“Investing should be more like watching paint dry or watching grass grow. If you want excitement, take $800 and go to Las Vegas.” — Paul Samuelson
Over the years, I’ve invested in an ATM machine fund as a passive investor.
I’ve liked it so much that I decided to bring it to my own multifamily investors.
Today I want to talk to you about my process.
We’ll go through understanding how this investment works and why I love it.
ATM investing has some super unique characteristics.
I think it’s a great addition for every accredited investor.
The investment offers a 24.7% preferred return.
That fund is not open currently, but we offer it a couple times a year to investors we work with.
Typically you get about half your money back within just a couple of years.
You can’t always say that about multifamily deals.
Pretty predictably at about three or four months, the ATM starts paying out.
All of your funds are back in just over four years.
There’s no interest rate risk.
There’s no leverage.
I was skeptical at first!
But when I learned how it worked and actually invested, I absolutely fell in love with this investment.

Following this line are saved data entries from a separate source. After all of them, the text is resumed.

lemma is_subfieldD:
  assumes "is_subfield K"
  shows "0 \<in> K" and "1 \<in> K"
    and "x \<in> K \<Longrightarrow> y \<in> K \<Longrightarrow> x + y \<in> K" and "x \<in> K \<Longrightarrow> y \<in> K \<Longrightarrow> x * y \<in> K"
    and "x \<in> K \<Longrightarrow> - x \<in> K" and "x \<in> K \<Longrightarrow> inverse x \<in> K"
    and "x \<in> K \<Longrightarrow> y \<in> K \<Longrightarrow> x - y \<in> K" and "x \<in> K \<Longrightarrow> y \<in> K \<Longrightarrow> x / y \<in> K"
  using assms unfolding is_subfield_def diff_conv_add_uminus divide_inverse by blast+

lemma is_subfield_sum:
  assumes "is_subfield K" and "\<And>i. i \<in> A \<Longrightarrow> f i \<in> K"
  shows "sum f A \<in> K"
  using assms(2)
  by (induction A rule: infinite_finite_induct) (simp_all add: is_subfieldD[OF assms(1)])

lemma is_subfield_subfield_q:
  assumes "prime CHAR('a::{finite,field})" and "q = CHAR('a) ^ e"
  shows "is_subfield (subfield_q q :: 'a set)"
proof -
  have frob_add: "(x + y) ^ q = x ^ q + y ^ q" for x y :: 'a
    using freshmans_dream'[OF assms] .
  have "q > 0"
    using assms prime_gt_0_nat by simp
  have frob_uminus: "(- x) ^ q = - (x ^ q)" for x :: 'a
    using frob_add[of "- x" x] \<open>q > 0\<close> by (simp add: zero_power eq_neg_iff_add_eq_0)
  show ?thesis
    unfolding is_subfield_def subfield_q_def
    using \<open>q > 0\<close> frob_add frob_uminus by (simp add: zero_power power_mult_distrib power_inverse)
qed

section \<open>Linear combinations and spans of vectors\<close>

lemma lcomb_Nil [simp]: "lcomb cs [] = (\<lambda>i. 0)"
  unfolding lcomb_def by simp

lemma lcomb_Cons [simp]: "lcomb (c # cs) (w # ws) = (\<lambda>i. c * w i + lcomb cs ws i)"
  unfolding lcomb_def length_Cons sum.lessThan_Suc_shift by simp

lemma lcomb_scale:
  "length cs = length ws \<Longrightarrow> lcomb (map (\<lambda>x. c * x) cs) ws = (\<lambda>i. c * lcomb cs ws i)"
  unfolding lcomb_def by (auto simp: sum_distrib_left mult.assoc intro!: sum.cong)

lemma lcomb_add:
  "length cs = length ws \<Longrightarrow> length ds = length ws \<Longrightarrow>
   lcomb (map2 (+) cs ds) ws = (\<lambda>i. lcomb cs ws i + lcomb ds ws i)"
  unfolding lcomb_def by (auto simp: sum.distrib algebra_simps intro!: sum.cong)

lemma lcomb_diff:
  "length cs = length ws \<Longrightarrow> length ds = length ws \<Longrightarrow>
   lcomb (map2 (-) cs ds) ws = (\<lambda>i. lcomb cs ws i - lcomb ds ws i)"
  unfolding lcomb_def by (auto simp: sum_subtractf algebra_simps intro!: sum.cong)

lemma lcomb_replicate_0: "lcomb (replicate (length ws) 0) ws = (\<lambda>i. 0)"
  unfolding lcomb_def by simp

lemma lcomb_in_vsubspace:
  assumes "vsubspace K T" and "set ws \<subseteq> T" and "set cs \<subseteq> K" and "length cs = length ws"
  shows "lcomb cs ws \<in> T"
  using assms(2-4)
proof (induction ws arbitrary: cs)
  case Nil
  then show ?case
    using assms(1) unfolding vsubspace_def by simp
next
  case (Cons w ws)
  then obtain c cs' where "cs = c # cs'" and "length cs' = length ws"
    by (cases cs) auto
  with Cons assms(1) show ?case
    unfolding vsubspace_def by simp
qed

lemma vspan_subset: "vsubspace K T \<Longrightarrow> S \<subseteq> T \<Longrightarrow> vspan K S \<subseteq> T"
  unfolding vspan_def using lcomb_in_vsubspace by blast

lemma in_vspan: "1 \<in> K \<Longrightarrow> v \<in> S \<Longrightarrow> v \<in> vspan K S"
  unfolding vspan_def by (intro CollectI exI[of _ "[v]"] exI[of _ "[1]"]) (simp add: lcomb_def)

definition span_list :: "(nat \<Rightarrow> 'a::field) list \<Rightarrow> (nat \<Rightarrow> 'a) set" where
  "span_list ws = {lcomb cs ws | cs. length cs = length ws}"

lemma span_listI: "length cs = length ws \<Longrightarrow> lcomb cs ws \<in> span_list ws"
  unfolding span_list_def by auto

lemma span_listE:
  assumes "x \<in> span_list ws"
  obtains cs where "length cs = length ws" and "x = lcomb cs ws"
  using assms unfolding span_list_def by auto

lemma span_list_Cons:
  assumes "y \<in> span_list ws"
  shows "(\<lambda>i. c * w i + y i) \<in> span_list (w # ws)"
proof -
  obtain cs where "length cs = length ws" and "y = lcomb cs ws"
    using assms by (rule span_listE)
  then show ?thesis
    using span_listI[of "c # cs" "w # ws"] by simp
qed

Here’s a scandalous secret: I don’t actually love real estate investing.
I don’t love doing any kind of investing.
What I love is what investing does for me.
Investing has allowed me to quit my great corporate job and cover my living expenses.
It’s allowed me to 15x my net worth.
You need to take the time to educate yourself.
That’s what we do on our Mailbox Money Show!
We also do that here in these blogs.
So what are we waiting for?!
Let’s go over this amazing investment in three easy steps!
1. The Unusual and Shocking Benefits of ATM Investing
ATM investing is very different from other types of investments.
Like I mentioned, it has a 24.7% preferred return.
Typically, you start seeing payments in month three or four.
It’s not a guaranteed payment.
But in over 10 years of doing this with the fifth largest operator of ATMs in the country, I’ve never seen them miss a payment.
If somebody invests $100,000 they can be getting about a $2,100 monthly payment.
This is paid out as a preferred return every month for the next seven years.
According to this plan, investors generally get half their invested funds back in two years and all their initial investment back in four years.
And it’s a seven year investment!
The other thing is the tax benefits.
This has some amazing tax benefits.
It has a 100% depreciation, which is similar to multifamily deals.
The difference with multifamily is you have a recapture event when you sell in five years because they’re accelerating the depreciation to year one.
If you don’t use the remaining 15 or 25 years on that depreciation schedule, you must have a recapture event.
That can be pretty inconvenient.
With ATMs, what we’re actually buying is equipment.
100% of the depreciation goes to the value of the equipment.
With the seven-year depreciation schedule, that makes this investment a real winner!
We accelerate the appreciation and then, when it’s time, you get to use the 100% with no recapture ever.
That’s an incredible tax benefit!
I see a lot of people looking for predictable cash flow.
This is really the most predictable cash flow investment that I can see.
There are always risks in every investment that you do.
Theoretically, let’s say I had $10,000 in living expenses I wanted to cover.
If I invested $500,000 in ATMs, the returns would equal $123,000 per year.
That would totally cover the $10,000 a month!
While it’s not a guaranteed return, it’s a pretty unique high type of return.
2. How is This Different from Multifamily Deals?
This is a question that comes up a lot.
There are some differences between the structure of multifamily deals and ATM investments.
Typically we hold multifamily deals for five to six years.
The equity multiple is usually around 2.0, though sometimes it’s less or more.
If we have $100,000, we’ll try to turn that into $200,000 over the next five to six years.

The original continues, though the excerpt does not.